**DESCRIPTION OF THE TASK:** Below this line is a set of entries; quote exactly the lines from the line that contains "obtain t' where" to the line that contains "(simp add: mod_if)", both lines included.

**DATA:**

★ ★ ★ ★

lemma cup_diagram_canonical:
  assumes "weight I lam"
  shows "cup_diagram I (canonical_diagram I lam)"
  unfolding canonical_diagram_def
proof (rule cup_diagramI)
  show "finite (matching I lam)"
    using finite_matching[OF assms] .
  show "a \<in> I \<and> b \<in> I \<and> a < b" if "(a, b) \<in> matching I lam" for a b
    using that matched_ends(1,3,5)[of I lam a b] unfolding matching_def by blast
  show "a = a' \<and> b = b'"
    if "(a, b) \<in> matching I lam" "(a', b') \<in> matching I lam" "a = a' \<or> a = b' \<or> b = a' \<or> b = b'" for a b a' b'
    using that matched_share_end[of I lam a b a' b'] unfolding matching_def by blast
  show False if "(a, b) \<in> matching I lam" "(a', b') \<in> matching I lam" "a < a'" "a' < b" "b < b'"
    for a b a' b'
    using that matched_noncrossing[of I lam a b a' b'] unfolding matching_def by simp
  show "sign_vertices I lam - cup_ends (matching I lam) \<subseteq> I"
    unfolding sign_vertices_def by auto
  show "r \<notin> cup_ends (matching I lam)" if "r \<in> sign_vertices I lam - cup_ends (matching I lam)" for r
    using that by simp
  show False if "r \<in> sign_vertices I lam - cup_ends (matching I lam)" "(a, b) \<in> matching I lam" "a < r" "r < b"
    for r a b
    using that matched_nested[of I lam a b r] unfolding matching_def by simp
qed

lemma oriented_canonical: "oriented I (canonical_diagram I lam) lam"
  unfolding canonical_diagram_def
proof (rule orientedI)
  show "lam i = Circ \<or> lam i = Cross"
    if "i \<in> I" "i \<notin> cup_ends (matching I lam)" "i \<notin> sign_vertices I lam - cup_ends (matching I lam)" for i
    using that by (cases "lam i") (auto simp: sign_vertices_def)
  show "(lam a = Vee \<and> lam b = Wedge) \<or> (lam a = Wedge \<and> lam b = Vee)" if "(a, b) \<in> matching I lam" for a b
    using that matched_ends(2,4)[of I lam a b] unfolding matching_def by blast
  show "lam r = Vee \<or> lam r = Wedge" if "r \<in> sign_vertices I lam - cup_ends (matching I lam)" for r
    using that unfolding sign_vertices_def by simp
  show "r2 < r1"
    if "r1 \<in> sign_vertices I lam - cup_ends (matching I lam)" "r2 \<in> sign_vertices I lam - cup_ends (matching I lam)"
      "lam r1 = Vee" "lam r2 = Wedge" for r1 r2
    using that unmatched_signs_ordered[of r1 I lam r2] unfolding sign_vertices_def by simp
qed
lemma sat_assignment_copies:
  assumes sat: "sat_assignment verts lab N alpha H"
  obtains t where "\<And>i k. i < M \<Longrightarrow> k < n \<Longrightarrow> (Some (2 * i), k) \<in> H \<longleftrightarrow> is_head t i k"
proof -
  have edge: "\<forall>x\<in>D. x \<in> H \<longleftrightarrow> alpha x \<notin> H"
    and vc: "\<forall>v\<in>verts. {i. i < nports (lab v) \<and> (Some v, i) \<in> H} \<in> constr (lab v)"
    using sat unfolding sat_assignment_def by auto
  define b where "b i \<longleftrightarrow> {k. k < n \<and> (Some (2 * i), k) \<in> H} = X" for i
  have mem_copy: "(Some (2 * i), k) \<in> H \<longleftrightarrow> (b i \<longleftrightarrow> k \<in> X)" if "i < M" "k < n" for i k
  proof -
    have "2 * i \<in> verts" unfolding verts_def using that by auto
    then have "{k. k < nports (lab (2 * i)) \<and> (Some (2 * i), k) \<in> H} \<in> constr (lab (2 * i))"
      using vc by blast
    then have "{k. k < n \<and> (Some (2 * i), k) \<in> H} \<in> {X, {..<n} - X}"
      by (simp add: constr_fan_gadget)
    then show ?thesis using that unfolding b_def by auto
  qed
  have alternate: "b (Suc i) \<longleftrightarrow> \<not> b i" if "Suc i < M" for i
  proof -
    have "(Some (2 * i), r) \<in> D" using copy_dart that r_lt by simp
    moreover have "alpha (Some (2 * i), r) = (Some (2 * Suc i), l)" using alpha_copy_r that by simp
    ultimately have "(Some (2 * i), r) \<in> H \<longleftrightarrow> (Some (2 * Suc i), l) \<notin> H"
      using edge by simp
    then show ?thesis using mem_copy[of i r] mem_copy[of "Suc i" l] that r_lt l_lt l_r_same_side
      by auto
  qed
  have parity: "b i \<longleftrightarrow> (b 0 \<noteq> odd i)" if "i < M" for i
    using that by (induction i) (auto simp: alternate)
  show ?thesis
  proof (rule that)
    fix i k assume "i < M" "k < n"
    then show "(Some (2 * i), k) \<in> H \<longleftrightarrow> is_head (b 0) i k"
      using mem_copy[of i k] parity[of i] unfolding is_head_def by auto
  qed
qed

lemma sat_assignment_is_assignment:
  assumes sat: "sat_assignment verts lab N alpha H"
  shows "\<exists>t. H = assignment t"
proof -
  have H_sub: "H \<subseteq> D" and edge: "\<forall>x\<in>D. x \<in> H \<longleftrightarrow> alpha x \<notin> H"
    using sat unfolding sat_assignment_def by auto
  obtain t where mem_copy: "\<And>i k. i < M \<Longrightarrow> k < n \<Longrightarrow> (Some (2 * i), k) \<in> H \<longleftrightarrow> is_head t i k"
    using sat_assignment_copies[OF sat] by blast
  have "x \<in> H \<longleftrightarrow> x \<in> assignment t" if x: "x \<in> D" for x
    using x
  proof (cases rule: dart_cases)
    case (copy i p) then show ?thesis using mem_copy assignment_copy by auto
  next
    case (terminal i p)
    then have "x \<in> H \<longleftrightarrow> (Some (2 * i), p) \<notin> H"
      using edge x alpha_terminal by auto
    then show ?thesis using terminal mem_copy assignment_terminal by auto
  next
    case (outer j)
    then have "x \<in> H \<longleftrightarrow> (Some (2 * edge_copy j), d) \<notin> H"
      using edge x alpha_outer by auto
    then show ?thesis using outer mem_copy[of "edge_copy j" d] assignment_outer edge_copy_lt d_lt
      by auto
  qed
  then have "H = assignment t" using H_sub assignment_subset by blast
  then show ?thesis by blast
qed

lemma inward_assignment: "inward N (assignment t) = {j. j < N \<and> ((t \<noteq> (j \<in> Y)) \<longleftrightarrow> d \<in> X)}"
  unfolding inward_def using assignment_outer edge_copy_odd unfolding is_head_def by auto

lemma inward_assignments: "{inward N (assignment t) | t. True} = {Y, {..<N} - Y}"
proof -
  have a: "inward N (assignment (d \<notin> X)) = Y" unfolding inward_assignment using Ysub by auto
  have b: "inward N (assignment (d \<in> X)) = {..<N} - Y" unfolding inward_assignment by auto
  have "inward N (assignment t) \<in> {Y, {..<N} - Y}" for t using a b
    by (cases "t = (d \<in> X)") auto
  then show ?thesis using a b by blast
qed

lemma simulated_gadget_ring: "simulated_gadget verts lab N alpha = (N, {Y, {..<N} - Y})"
proof -
  have "{inward N H | H. sat_assignment verts lab N alpha H} = {inward N (assignment t) | t. True}"
    using sat_assignment_is_assignment sat_assignment_assignment by blast
  then show ?thesis unfolding simulated_gadget_def inward_assignments by simp
qed

lemma inward_assignment_inj: "inward N (assignment t1) = inward N (assignment t2) \<Longrightarrow> t1 = t2"
proof -
  assume e: "inward N (assignment t1) = inward N (assignment t2)"
  have "0 < N" using N_ge_1 by simp
  then have "(0 \<in> inward N (assignment t1)) = (0 \<in> inward N (assignment t2))" using e
    by simp
  then show ?thesis unfolding inward_assignment using \<open>0 < N\<close> by auto
qed

lemma parsimonious_ring: "parsimonious verts lab N alpha"
  unfolding parsimonious_def
proof
  fix Z assume "Z \<in> constr (simulated_gadget verts lab N alpha)"
  then obtain H where H: "sat_assignment verts lab N alpha H" "inward N H = Z"
    unfolding simulated_gadget_def constr_def by auto
  show "\<exists>!H. sat_assignment verts lab N alpha H \<and> inward N H = Z"
  proof (rule ex1I[of _ H])
    show "sat_assignment verts lab N alpha H \<and> inward N H = Z" using H by simp
    fix H' assume H': "sat_assignment verts lab N alpha H' \<and> inward N H' = Z"
    obtain t where t: "H = assignment t" using sat_assignment_is_assignment H(1) by blast
    obtain t' where t': "H' = assignment t'" using sat_assignment_is_assignment H' by blast
    have "t' = t" using inward_assignment_inj H H' t t' by metis
    then show "H' = H" using t t' by simp
  qed
qed

lemma planar_pars_simulates_ring:
  "planar_pars_simulates {fan_gadget, free_terminal} (N, {Y, {..<N} - Y})"
proof -
  have "wf_gadget (N, {Y, {..<N} - Y})"
    using Ysub unfolding wf_gadget_def nports_def constr_def by auto
  then show ?thesis
    unfolding planar_pars_simulates_def simulated_gadget_ring[symmetric]
    using is_simulation_ring planar_ring parsimonious_ring gadget_iso_refl by blast
qed

end

section \<open>Simulating fanouts and the NOT gate\<close>

lemma generalized_fanoutE:
  assumes "generalized_fanout F"
  obtains X where "3 \<le> nports F" "X \<subseteq> {..<nports F}" "F = (nports F, {X, {..<nports F} - X})"
  using assms unfolding generalized_fanout_def nports_def constr_def by (auto simp: prod_eq_iff)

lemma same_side_ports:
  fixes X :: "nat set"
  assumes n_ge_3: "3 \<le> n"
  shows "\<exists>l dl. l < n \<and> 2 \<le> dl \<and> dl < n \<and> (l \<in> X \<longleftrightarrow> (l + dl) mod n \<in> X)"
proof -
  consider "0 \<in> X \<longleftrightarrow> 2 \<in> X" | "1 \<in> X \<longleftrightarrow> 0 \<in> X" | "2 \<in> X \<longleftrightarrow> 1 \<in> X"
    by blast
  then show ?thesis
  proof cases
    case 1
    have "(0 + 2) mod n = 2" using n_ge_3 by simp
    then have "0 < n \<and> 2 \<le> (2::nat) \<and> 2 < n \<and> (0 \<in> X \<longleftrightarrow> (0 + 2) mod n \<in> X)"
      using n_ge_3 1 by (simp only:) simp
    then show ?thesis by blast
  next
    case 2
    have "(1 + (n - 1)) mod n = 0" using n_ge_3 by simp
    then have "1 < n \<and> 2 \<le> n - 1 \<and> n - 1 < n \<and> (1 \<in> X \<longleftrightarrow> (1 + (n - 1)) mod n \<in> X)"
      using n_ge_3 2 by simp
    then show ?thesis by blast
  next
    case 3
    have "(2 + (n - 1)) mod n = 1" using n_ge_3 by (simp add: mod_if)
    then have "2 < n \<and> 2 \<le> n - 1 \<and> n - 1 < n \<and> (2 \<in> X \<longleftrightarrow> (2 + (n - 1)) mod n \<in> X)"
      using n_ge_3 3 by simp
    then show ?thesis by blast
  qed
qed

lemma planar_pars_simulates_complementary:
  assumes F: "generalized_fanout F" and N_ge_1: "1 \<le> N" and Ysub: "Y \<subseteq> {..<N}"
  shows "planar_pars_simulates {F, free_terminal} (N, {Y, {..<N} - Y})"
proof -
  obtain X where n_ge_3: "3 \<le> nports F" and Xsub: "X \<subseteq> {..<nports F}"
    and F_eq: "F = (nports F, {X, {..<nports F} - X})"
    using F by (rule generalized_fanoutE)
  obtain l dl where "l < nports F" "2 \<le> dl" "dl < nports F"
    "l \<in> X \<longleftrightarrow> (l + dl) mod nports F \<in> X"
    using same_side_ports[OF n_ge_3] by blast
  then interpret fanout_ring "nports F" X l dl N Y
    by unfold_locales (use n_ge_3 Xsub N_ge_1 Ysub in auto)
  have "fan_gadget = F" unfolding fan_gadget_def using F_eq by simp
  then show ?thesis using planar_pars_simulates_ring by simp
qed

theorem mainTheorem12:
  assumes "generalized_fanout F"
  shows "planar_pars_simulates {F, free_terminal} not_gate \<and>
         (\<forall>F'. generalized_fanout F' \<longrightarrow> planar_pars_simulates {F, free_terminal} F') \<and>
         (\<forall>k::nat. k \<ge> 1 \<longrightarrow> planar_pars_simulates {F, free_terminal} (fanout k))"
proof (intro conjI allI impI)
  have "not_gate = (2, {{}, {..<2} - {}})" unfolding not_gate_def by auto
  then show "planar_pars_simulates {F, free_terminal} not_gate"
    using planar_pars_simulates_complementary[OF assms, of 2 "{}"] by simp
next
  fix F' assume "generalized_fanout F'"
  then obtain X where "3 \<le> nports F'" "X \<subseteq> {..<nports F'}"
    and F'_eq: "F' = (nports F', {X, {..<nports F'} - X})"
    by (rule generalized_fanoutE)
  then have "planar_pars_simulates {F, free_terminal} (nports F', {X, {..<nports F'} - X})"
    by (intro planar_pars_simulates_complementary[OF assms]) auto
  then show "planar_pars_simulates {F, free_terminal} F'" using F'_eq by simp
next
  fix k :: nat assume "k \<ge> 1"
  have "fanout k = (k + 1, {{0}, {..<k + 1} - {0}})" unfolding fanout_def by auto
  then show "planar_pars_simulates {F, free_terminal} (fanout k)"
    using planar_pars_simulates_complementary[OF assms, of "k + 1" "{0}"] by simp
qed

end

★ ★ ★ ★

**THE COMPLETED TASK:**
    obtain t' where t': "H' = assignment t'" using sat_assignment_is_assignment H' by blast
    have "t' = t" using inward_assignment_inj H H' t t' by metis
    then show "H' = H" using t t' by simp
  qed
qed

lemma planar_pars_simulates_ring:
  "planar_pars_simulates {fan_gadget, free_terminal} (N, {Y, {..<N} - Y})"
proof -
  have "wf_gadget (N, {Y, {..<N} - Y})"
    using Ysub unfolding wf_gadget_def nports_def constr_def by auto
  then show ?thesis
    unfolding planar_pars_simulates_def simulated_gadget_ring[symmetric]
    using is_simulation_ring planar_ring parsimonious_ring gadget_iso_refl by blast
qed

end

section \<open>Simulating fanouts and the NOT gate\<close>

lemma generalized_fanoutE:
  assumes "generalized_fanout F"
  obtains X where "3 \<le> nports F" "X \<subseteq> {..<nports F}" "F = (nports F, {X, {..<nports F} - X})"
  using assms unfolding generalized_fanout_def nports_def constr_def by (auto simp: prod_eq_iff)

lemma same_side_ports:
  fixes X :: "nat set"
  assumes n_ge_3: "3 \<le> n"
  shows "\<exists>l dl. l < n \<and> 2 \<le> dl \<and> dl < n \<and> (l \<in> X \<longleftrightarrow> (l + dl) mod n \<in> X)"
proof -
  consider "0 \<in> X \<longleftrightarrow> 2 \<in> X" | "1 \<in> X \<longleftrightarrow> 0 \<in> X" | "2 \<in> X \<longleftrightarrow> 1 \<in> X"
    by blast
  then show ?thesis
  proof cases
    case 1
    have "(0 + 2) mod n = 2" using n_ge_3 by simp
    then have "0 < n \<and> 2 \<le> (2::nat) \<and> 2 < n \<and> (0 \<in> X \<longleftrightarrow> (0 + 2) mod n \<in> X)"
      using n_ge_3 1 by (simp only:) simp
    then show ?thesis by blast
  next
    case 2
    have "(1 + (n - 1)) mod n = 0" using n_ge_3 by simp
    then have "1 < n \<and> 2 \<le> n - 1 \<and> n - 1 < n \<and> (1 \<in> X \<longleftrightarrow> (1 + (n - 1)) mod n \<in> X)"
      using n_ge_3 2 by simp
    then show ?thesis by blast
  next
    case 3
    have "(2 + (n - 1)) mod n = 1" using n_ge_3 by (simp add: mod_if)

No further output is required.